The task:
Word for word, set down every line of the entries below from the line with "by (metis doubleton_eq_iff)" to the line with "(simp add: simple_graph_def)", including both, and no other line.

** Given information follows **

(* Proof idea: along a fan whose theta is blank, let R be the number of colours in [q] that are
   neither missing at x nor at an earlier fan vertex y_j with j < k.  Every colour drawn at y_k
   that does not stop the attempt is among these R colours, is drawn with probability at most
   1/D where D = eps Delta <= |M(phi, v)|, and is removed from the count at the next step (it lies
   in M(phi, y_k)).  Hence exp(R/D - (steps left)) bounds the failure probability, by induction
   and u e^(1-u) <= 1.  As R <= Delta initially, one attempt fails with probability at most
   exp(1/eps + 1 - k_max), and failures of independent attempts multiply. *)

lemma neighbours_subset_vertices:
  assumes "simple_graph V E"
  shows "{w. {v, w} \<in> E} \<subseteq> V"
proof
  fix w assume "w \<in> {w. {v, w} \<in> E}"
  then obtain a b where "a \<in> V" "b \<in> V" "{v, w} = {a, b}"
    using assms unfolding simple_graph_def by force
  then show "w \<in> V" by (metis doubleton_eq_iff)
qed

lemma card_neighbours_le_max_degree:
  assumes "simple_graph V E"
  shows "card {w. {v, w} \<in> E} \<le> max_degree V E"
proof (cases "v \<in> V")
  case True
  with assms show ?thesis
    unfolding max_degree_def degree_def simple_graph_def by simp
next
  case False
  have "v \<in> V" if "{v, w} \<in> E" for w
    using neighbours_subset_vertices[OF assms, of w] that by (auto simp: insert_commute)
  with False have "{w. {v, w} \<in> E} = {}" by blast
  then show ?thesis by simp
qed

lemma card_present_colours_le_max_degree:
  assumes "simple_graph V E"
  shows "card ({1..q} - missing E q \<phi> v) \<le> max_degree V E"
proof -
  let ?N = "{w. {v, w} \<in> E}"
  have "finite V" using assms by (simp add: simple_graph_def)
  then have "finite ?N" using neighbours_subset_vertices[OF assms] by (rule finite_subset[rotated])
  have "{1..q} - missing E q \<phi> v \<subseteq> (\<lambda>w. the (\<phi> {v, w})) ` ?N"
  proof
    fix c assume "c \<in> {1..q} - missing E q \<phi> v"
    then obtain w where "{v, w} \<in> E" "\<phi> {v, w} = Some c" by (auto simp: missing_def)
    then show "c \<in> (\<lambda>w. the (\<phi> {v, w})) ` ?N" by (intro image_eqI[of _ _ w]) auto
  qed
  then have "card ({1..q} - missing E q \<phi> v) \<le> card ?N"
    using \<open>finite ?N\<close> by (meson card_image_le card_mono finite_imageI order_trans)
  with card_neighbours_le_max_degree[OF assms, of v] show ?thesis by linarith
qed

lemma card_missing_ge:
  assumes "simple_graph V E"
  shows "real q - real (max_degree V E) \<le> real (card (missing E q \<phi> v))"
proof -
  have sub: "missing E q \<phi> v \<subseteq> {1..q}" unfolding missing_def by auto
  then have "card ({1..q} - missing E q \<phi> v) = q - card (missing E q \<phi> v)"
    by (simp add: card_Diff_subset finite_subset)
  moreover have "card (missing E q \<phi> v) \<le> q" using card_mono[OF _ sub] by simp
  ultimately show ?thesis
    using card_present_colours_le_max_degree[OF assms, of q \<phi> v] by linarith
qed

lemma mult_exp_one_minus_le_one: "(u::real) * exp (1 - u) \<le> 1"
proof -
  have "u * exp (1 - u) \<le> exp (u - 1) * exp (1 - u)"
    using exp_ge_add_one_self[of "u - 1"] by (intro mult_right_mono) auto
  also have "\<dots> = 1" by (simp add: exp_add[symmetric])
  finally show ?thesis .
qed

lemma potential_step_le:
  fixes D R c n :: real
  assumes "D > 0"
  shows "c / D * exp ((R - c) / D - n) \<le> exp (R / D - (n + 1))"
proof -
  have "c / D * exp ((R - c) / D - n) = c / D * exp (1 - c / D) * exp (R / D - (n + 1))"
    by (simp add: exp_add[symmetric] diff_divide_distrib)
  also have "\<dots> \<le> 1 * exp (R / D - (n + 1))"
    using mult_exp_one_minus_le_one[of "c / D"] by (intro mult_right_mono) auto
  finally show ?thesis by simp
qed

lemma pmf_bind_le_const:
  assumes "\<And>a. a \<in> set_pmf p \<Longrightarrow> pmf (f a) b \<le> B"
  shows "pmf (bind_pmf p f) b \<le> B"
  unfolding pmf_bind
  by (rule measure_pmf.integral_le_const)
     (auto simp: AE_measure_pmf_iff assms pmf_le_1
       intro!: measure_pmf.integrable_const_bound[where B=1])

lemma pmf_bind_pmf_of_set_le:
  assumes "finite S" "S \<noteq> {}" "C \<subseteq> S"
    and "\<And>a. a \<in> C \<Longrightarrow> pmf (f a) b \<le> B"
    and "\<And>a. a \<in> S - C \<Longrightarrow> pmf (f a) b = 0"
  shows "pmf (bind_pmf (pmf_of_set S) f) b \<le> real (card C) * B / real (card S)"
proof -
  have "pmf (bind_pmf (pmf_of_set S) f) b = (\<Sum>a\<in>S. pmf (f a) b) / real (card S)"
    using assms(2,1) by (rule pmf_bind_pmf_of_set)
  also have "(\<Sum>a\<in>S. pmf (f a) b) = (\<Sum>a\<in>C. pmf (f a) b)"
    using assms(1,3,5) by (intro sum.mono_neutral_right) auto
  also have "\<dots> \<le> real (card C) * B"
    using sum_mono[of C "\<lambda>a. pmf (f a) b" "\<lambda>_. B"] assms(4) by simp
  finally show ?thesis by (simp add: divide_right_mono)
qed

lemma pmf_first_fail: "pmf (first_fail n A) True = pmf A True ^ n"
proof (induction n)
  case (Suc n)
  have "pmf (first_fail (Suc n) A) True
      = (\<Sum>f\<in>UNIV. pmf (if f then first_fail n A else return_pmf False) True * pmf A f)"
    unfolding first_fail.simps pmf_bind by (rule integral_measure_pmf_real) auto
  with Suc show ?case by (simp add: UNIV_bool)
qed simp

lemma prob_first_fail_le:
  assumes "pmf A True \<le> exp (- L)" "L \<ge> 0" "t \<ge> 0"
  shows "measure_pmf.prob (first_fail (nat \<lceil>t\<rceil>) A) {True} \<le> exp (- (L * t))"
proof -
  have "measure_pmf.prob (first_fail (nat \<lceil>t\<rceil>) A) {True} = pmf A True ^ nat \<lceil>t\<rceil>"
    by (simp add: measure_pmf_single pmf_first_fail)
  also have "\<dots> \<le> exp (- L) ^ nat \<lceil>t\<rceil>" using assms(1) by (intro power_mono) auto
  also have "\<dots> = exp (- (L * real (nat \<lceil>t\<rceil>)))"
    by (simp add: exp_of_nat_mult[symmetric] mult.commute)
  also have "\<dots> \<le> exp (- (L * t))"
    using assms(2,3) by (simp add: mult_left_mono)
  finally show ?thesis .
qed

definition fan_closing_colours ::
    "'v set set \<Rightarrow> nat \<Rightarrow> ('v set \<Rightarrow> nat option) \<Rightarrow> 'v \<Rightarrow> 'v list \<Rightarrow> nat set" where
  "fan_closing_colours E q \<phi> x ys =
     missing E q \<phi> x \<union> (\<Union>j<length ys - 1. missing E q \<phi> (ys ! j))"

lemma fan_closing_colours_snoc:
  assumes "ys \<noteq> []"
  shows "fan_closing_colours E q \<phi> x (ys @ [w])
       = fan_closing_colours E q \<phi> x ys \<union> missing E q \<phi> (last ys)"
proof -
  have "(\<Union>j<length (ys @ [w]) - 1. missing E q \<phi> ((ys @ [w]) ! j))
      = (\<Union>j<length ys. missing E q \<phi> (ys ! j))"
    by (auto simp: nth_append)
  also have "{..<length ys} = insert (length ys - 1) {..<length ys - 1}"
    using assms by (cases ys) auto
  finally show ?thesis
    using assms unfolding fan_closing_colours_def by (auto simp: last_conv_nth)
qed

lemma fan_run_Suc:
  "fan_run (Suc n) E q \<phi> x \<beta> ys th =
     bind_pmf (pmf_of_set (missing E q \<phi> (last ys) - set_option th)) (\<lambda>\<eta>.
       if \<eta> \<in> fan_closing_colours E q \<phi> x ys \<or> Some \<eta> = \<beta> then return_pmf False
       else fan_run n E q \<phi> x \<beta> (ys @ [THE w. {x, w} \<in> E \<and> \<phi> {x, w} = Some \<eta>]) None)"
  unfolding fan_run.simps fan_closing_colours_def by (intro bind_pmf_cong refl if_cong) auto

lemma fan_run_fail_le:
  assumes "D > 0" and card_missing: "\<And>v. D \<le> real (card (missing E q \<phi> v))"
    and "ys \<noteq> []"
  shows "pmf (fan_run n E q \<phi> x \<beta> ys None) True
           \<le> exp (real (card ({1..q} - fan_closing_colours E q \<phi> x ys)) / D - real n)"
  using assms(3)
proof (induction n arbitrary: ys)
  case 0
  then show ?case using \<open>D > 0\<close> by simp
next
  case (Suc n)
  define S where "S = missing E q \<phi> (last ys)"
  define U where "U = {1..q} - fan_closing_colours E q \<phi> x ys"
  define C where "C = {\<eta> \<in> S. \<eta> \<notin> fan_closing_colours E q \<phi> x ys \<and> Some \<eta> \<noteq> \<beta>}"
  define B where "B = exp ((real (card U) - real (card C)) / D - real n)"
  have "S \<subseteq> {1..q}" unfolding S_def missing_def by auto
  then have "finite S" "C \<subseteq> U" unfolding C_def U_def by (auto intro: finite_subset)
  have "card S \<ge> D" unfolding S_def using card_missing .
  with \<open>D > 0\<close> have "S \<noteq> {}" by auto
  have continue_le: "pmf (fan_run n E q \<phi> x \<beta> (ys @ [w]) None) True \<le> B" for w
  proof -
    have "{1..q} - fan_closing_colours E q \<phi> x (ys @ [w]) \<subseteq> U - C"
      using Suc.prems unfolding U_def C_def S_def by (auto simp: fan_closing_colours_snoc)
    then have "card ({1..q} - fan_closing_colours E q \<phi> x (ys @ [w])) \<le> card (U - C)"
      by (intro card_mono) (auto simp: U_def)
    also have "\<dots> = card U - card C"
      using \<open>C \<subseteq> U\<close> by (simp add: U_def card_Diff_subset finite_subset)
    finally have "card ({1..q} - fan_closing_colours E q \<phi> x (ys @ [w])) \<le> card U - card C" .
    moreover have "card C \<le> card U" using \<open>C \<subseteq> U\<close> by (simp add: U_def card_mono)
    ultimately have "exp (real (card ({1..q} - fan_closing_colours E q \<phi> x (ys @ [w]))) / D - real n)
        \<le> B"
      unfolding B_def using \<open>D > 0\<close> by (simp add: divide_right_mono)
    with Suc.IH[of "ys @ [w]"] show ?thesis by simp
  qed
  have "pmf (fan_run (Suc n) E q \<phi> x \<beta> ys None) True \<le> real (card C) * B / real (card S)"
    unfolding fan_run_Suc option.set Diff_empty S_def[symmetric]
    using \<open>finite S\<close> \<open>S \<noteq> {}\<close> continue_le by (intro pmf_bind_pmf_of_set_le) (auto simp: C_def)
  also have "\<dots> \<le> real (card C) / D * B"
    using \<open>card S \<ge> D\<close> \<open>D > 0\<close> unfolding B_def by (simp add: divide_left_mono)
  also have "\<dots> \<le> exp (real (card U) / D - (real n + 1))"
    unfolding B_def using \<open>D > 0\<close> by (rule potential_step_le)
  finally show ?case by (simp add: U_def add.commute)
qed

** End of Given information **

Response to the exercise:
  then show "w \<in> V" by (metis doubleton_eq_iff)
qed

lemma card_neighbours_le_max_degree:
  assumes "simple_graph V E"
  shows "card {w. {v, w} \<in> E} \<le> max_degree V E"
proof (cases "v \<in> V")
  case True
  with assms show ?thesis
    unfolding max_degree_def degree_def simple_graph_def by simp
next
  case False
  have "v \<in> V" if "{v, w} \<in> E" for w
    using neighbours_subset_vertices[OF assms, of w] that by (auto simp: insert_commute)
  with False have "{w. {v, w} \<in> E} = {}" by blast
  then show ?thesis by simp
qed

lemma card_present_colours_le_max_degree:
  assumes "simple_graph V E"
  shows "card ({1..q} - missing E q \<phi> v) \<le> max_degree V E"
proof -
  let ?N = "{w. {v, w} \<in> E}"
  have "finite V" using assms by (simp add: simple_graph_def)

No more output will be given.